WATCH: Making America: Benjamin Franklin And The Self-Made Man

By  PragerU

In the newest “Making America” video for PragerU, speaker and author Dinesh D’Souza discusses how the inventor, diplomat, and patriot Benjamin Franklin embodies the self-made man spirit that made the United States into a great nation. 

“Franklin’s life, no less than his ideas, conveys the indomitable spirit of both invention and, just as important, self-invention, that define Americans and make them almost instantly distinguishable, even today, by people around the world,” D’Souza explains. 

Franklin, the youngest of 17 children, was born in Boston, Massachusetts, and would grow up to become one of the nation’s foremost inventors, printers, and statesmen. Although he had little formal education, Franklin was brilliant and came up with many innovations. 

“He conducted early experiments in electricity, devised bifocal glasses, designed a new type of stove, organized lending libraries, formed Philadelphia’s first fire department, and founded the college that became the University of Pennsylvania,” says D’Souza. 

On top of this, Franklin produced “Poor Richard’s Almanac,” one of the most popular pamphlets ever produced in America at the time. 

When conflict came between the colonies and England, Franklin hoped that war could be avoided. 

“He desperately tried to keep America out of a war with Britain, offering the British government every kind of compromise to avoid the conflict,” D’Souza says, “But when his efforts were rejected and he realized separation from the mother country was inevitable, he threw his heart and soul into the revolutionary cause, the struggle for independence.”

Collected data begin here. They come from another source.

theorem proposition4p6:
  fixes L :: "('f::field, 'a) lalg"
  assumes "leibniz L" and "semiprime L"
  shows "leibniz (Qalg L) \<and> semiprime (Qalg L) \<and>
         alg_of_quotients (Qalg L) (phi L ` lcar L) \<and>
         (\<forall>(S :: ('f, 's) lalg) (emb :: 'a \<Rightarrow> 's).
            lmono L S emb \<and> alg_of_quotients S (emb ` lcar L) \<longrightarrow>
              lmono S (Qalg L) (psi L S emb) \<and>
              (\<forall>x\<in>lcar L. psi L S emb (emb x) = phi L x))"
proof -
  interpret semiprime_leibniz_algebra L
    using assms by unfold_locales
  have "lmono S (Qalg L) (psi L S emb) \<and> (\<forall>x\<in>lcar L. psi L S emb (emb x) = phi L x)"
    if "lmono L S emb" "alg_of_quotients S (emb ` lcar L)" for S :: "('f, 's) lalg" and emb
  proof -
    interpret quotient_algebra_embedding L S emb
      using that by unfold_locales
    show ?thesis
      using psi_monomorphism psi_emb by blast
  qed
  then show ?thesis
    using Q_leibniz Q_semiprime Q_alg_of_quotients by blast
qed

end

During the War for Independence, Franklin was key to getting France to join the conflict as an ally to the fledgling American nation. Without the aid of France, many historians do not believe that the Americans would have been successful in gaining independence.

After the successful conclusion of the war, Franklin played a pivotal role in keeping the various state delegates together during the drafting of the Constitution. Franklin, truly one of America’s most unique polymaths, always put his mind and efforts to the task at hand, whether it be negotiating with the French, conducting scientific experiments, or trying to cultivate personal virtue. 

D’Souza argues that the life and character of Franklin was representative of many who would come to America and make a name for themselves through hard work and innovation. 

“In America, class didn’t matter. Country of origin didn’t matter. Level of education didn’t matter. All that mattered was talent, hard work, and luck,” D’Souza says, “In America, you could make of yourself what you will, and you still can. Just as Benjamin Franklin did.”